Ele foi visado porque nos mostrou que, em 2009, Hillary Clinton ordenou aos diplomatas estadunidenses que espionassem o Secretário-Geral da ON, Ban Ki Moon, e outros representantes da China, França, Rússia e o Reino Unido na ONU – uma espionagem que inclui a obtenção do DNA (código genético), varredura da íris dos olhos, impressões digitais e senhas pessoais - como parte de um padrão de longa data de vigilância ilegal dos EUA que incluiu a escuta telefônica do Secretário Geral da ONU, Kofi Annan, nas semanas precedentes à invasão do Iraque liderada pelos EUA em 2003.

Ele é visado porque expôs que Barak Obama, Hillary Clinton e a CIA orquestraram o golpe militar em Honduras em 2009 que derrubou o presidente democraticamente eleito Manuel Zelaya, substituindo-o por um regime militar assassino e corrupto.

Ele é visado porque publicou documentos que revelaram que os EUA lançaram secretamente ataques de mísseis, bombas e drones no Iêmen, matando dezenas de pessoas.

Ele é visado porque tornou público os US$ 657 mil pagos à Hillary Clinton pela Goldman Sachs para dar palestras e a sua garantia privada aos líderes corporativos de que ela defenderia as suas demandas, ao mesmo tempo em que prometia ao público a regulação e reforma financeira.

Ele é visado porque revelou a campanha interna para desacreditar e destruir o líder do Partido Trabalhista (Labour) Britânico Jeremy Corbin, feita por membros do seu próprio partido.

Ele é culpado somente por estas verdades.

O governo Biden está determinado a extraditar Julian e acusá-lo de 17 crimes previstos no Ato de Espionagem (Espionage Act) dos EUA e um crime de hacking de um computador governamental – o que pode levá-lo à prisão por 175 anos.

Eu presenciei alguns dos procedimentos nos tribunais de Londres. Foi uma farsa judicial – especialmente porque a empresa espanhola de segurança UC Global e a Embaixada do Equador, onde Julian tomou refúgio durante sete anos, gravou todas as conversas de Julian com os seus advogados e as entregou à CIA. Este fato sozinho deveria invalidar o julgamento. Porém, também há o fato indiscutível de que Julian jamais cometeu um crime.

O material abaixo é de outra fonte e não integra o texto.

text \<open>Pi sends a universal 0-form to (sum of its coefficients) tensor 1, so an element of J_0^0
  has coefficient sum 0 and Pi(delta J_0^0) = 0: every class in Omega^1_D is a singleton {Pi w}.
  Hence m just multiplies representatives, and d [Pi w] = [Pi (delta w)] does not depend on w,
  since two choices of w differ by an element of J_0^1, whose image under Pi o delta is exactly
  what Omega^2_D divides out.  What remains is a computation: e_1 = S_2^* [D, S_3] and
  d e_1 = [D, S_2^*] [D, S_3] = sigma_2 sigma_3, by S_i^* S_j = delta_ij and the anticommutation
  of the sigma_i, and cyclically.\<close>

declare One_nat_def [simp del]

lemma uminus_zero_mat [simp]: "- 0\<^sub>m n m = (0\<^sub>m n m :: 'a::group_add mat)"
  by (intro eq_matI) auto

locale dirac_calculus =
  fixes A :: "'a::ring_1 set" and emb :: "complex \<Rightarrow> 'a"
    and sig :: "nat \<Rightarrow> complex mat" and der :: "nat \<Rightarrow> 'a \<Rightarrow> 'a" and N :: nat
  assumes emb_add: "\<And>z w. emb (z + w) = emb z + emb w"
    and emb_mult: "\<And>z w. emb (z * w) = emb z * emb w"
    and emb_one: "emb 1 = 1"
    and emb_central: "\<And>z x. emb z * x = x * emb z"
    and one_in_A: "1 \<in> A"
    and add_in_A: "\<And>a b. a \<in> A \<Longrightarrow> b \<in> A \<Longrightarrow> a + b \<in> A"
    and scal_in_A: "\<And>z a. a \<in> A \<Longrightarrow> emb z * a \<in> A"
    and der_add: "\<And>i a b. i \<in> {1,2,3} \<Longrightarrow> a \<in> A \<Longrightarrow> b \<in> A \<Longrightarrow> der i (a + b) = der i a + der i b"
    and der_scal: "\<And>i z a. i \<in> {1,2,3} \<Longrightarrow> a \<in> A \<Longrightarrow> der i (emb z * a) = emb z * der i a"
    and sig_carrier: "\<And>i. i \<in> {1,2,3} \<Longrightarrow> sig i \<in> carrier_mat N N"
begin

abbreviation "T \<equiv> tens emb"
abbreviation "D \<equiv> dcomm emb sig der"
abbreviation "Pt \<equiv> Pi_term N emb sig der"
abbreviation "P \<equiv> Pi_form N emb sig der"
abbreviation "dJ \<equiv> PiDJ A N emb sig der"
abbreviation "cl \<equiv> cls A N emb sig der"

lemma emb_zero [simp]: "emb 0 = 0"
  using emb_add[of 0 0] by simp

lemma emb_uminus: "emb (- z) = - emb z"
  using emb_add[of z "- z"] by (metis add.right_inverse emb_zero minus_unique)

lemma emb_sum: "emb (sum f I) = (\<Sum>i\<in>I. emb (f i))"
  by (induction I rule: infinite_finite_induct) (auto simp: emb_add)

lemma zero_in_A [simp]: "0 \<in> A"
  using scal_in_A[OF one_in_A, of 0] by simp

lemma uminus_in_A: "a \<in> A \<Longrightarrow> - a \<in> A"
  using scal_in_A[of a "- 1"] by (simp add: emb_uminus emb_one)

lemma der_zero: "i \<in> {1,2,3} \<Longrightarrow> der i 0 = 0"
  using der_add[of i 0 0] by simp

lemma der_uminus: "i \<in> {1,2,3} \<Longrightarrow> a \<in> A \<Longrightarrow> der i (- a) = - der i a"
  using der_scal[of i a "- 1"] by (simp add: emb_uminus emb_one)

lemma sig_carrier' [simp]: "sig 1 \<in> carrier_mat N N" "sig 2 \<in> carrier_mat N N" "sig 3 \<in> carrier_mat N N"
  using sig_carrier by auto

Julian não é um cidadão estadunidense. Wikileaks não é uma publicação baseada nos EUA. Mesmo assim, ele é indiciado por traição segundo o 'US Espionage Act' (Ato de Espionagem dos EUA). Esta é uma pantomima judicial, um julgamento-show no qual o estado de direito é sabotado por advogados vestindo perucas de crinas de cavalo e por grandes inquisidores como Gordon Kromberg – o advogado-assistente dos EUA pelo Distrito Leste do estado da Virginia – que trata de casos de alto perfil de terrorismo e segurança nacional. Kromberg tem desprezo declarado contra muçulmanos, contra o islamismo e qualquer um que desafie o estado. Ele denunciou aquilo que chama de “islamização do sistema de justiça estadunidense”.

Kromberg supervisionou a perseguição de nove anos do ativista e acadêmico palestino Dr. Sami Al-Arian e houve um momento no qual ele recusou o pedido de postergação de uma data no tribunal durante o feriado religioso de Ramadan. “Eles podem se matar durante Ramadan, portanto eles podem apresentar-se ao tribunal (grand jury) [durante o Ramadan]. A única coisa que eles não podem fazer é comer antes do pôr do sol” - disse Kromberg durante uma conversa em 2006, segundo uma declaração juramentada apresentada por um dos advogados de Arian, Jack Fernandez. Kromberg criticou Daniel Hale – um ex-analista da Força Aérea dos EUA que foi condenado a 45 meses de prisão por vazar informações sobre a matança de civis feita por drones -, alegando que Hale não havia contribuído para o debate público, porém havia “colocado em perigo as pessoas que estão na luta”. Ele ordenou que Chelsea Manning fosse aprisionada depois de ela recusar-se a testemunhar frente a um tribunal (grand jury) que investigava o Wikileaks. Manning tentou cometer suicídio em março de 2020, quando estava detida numa prisão na Virginia.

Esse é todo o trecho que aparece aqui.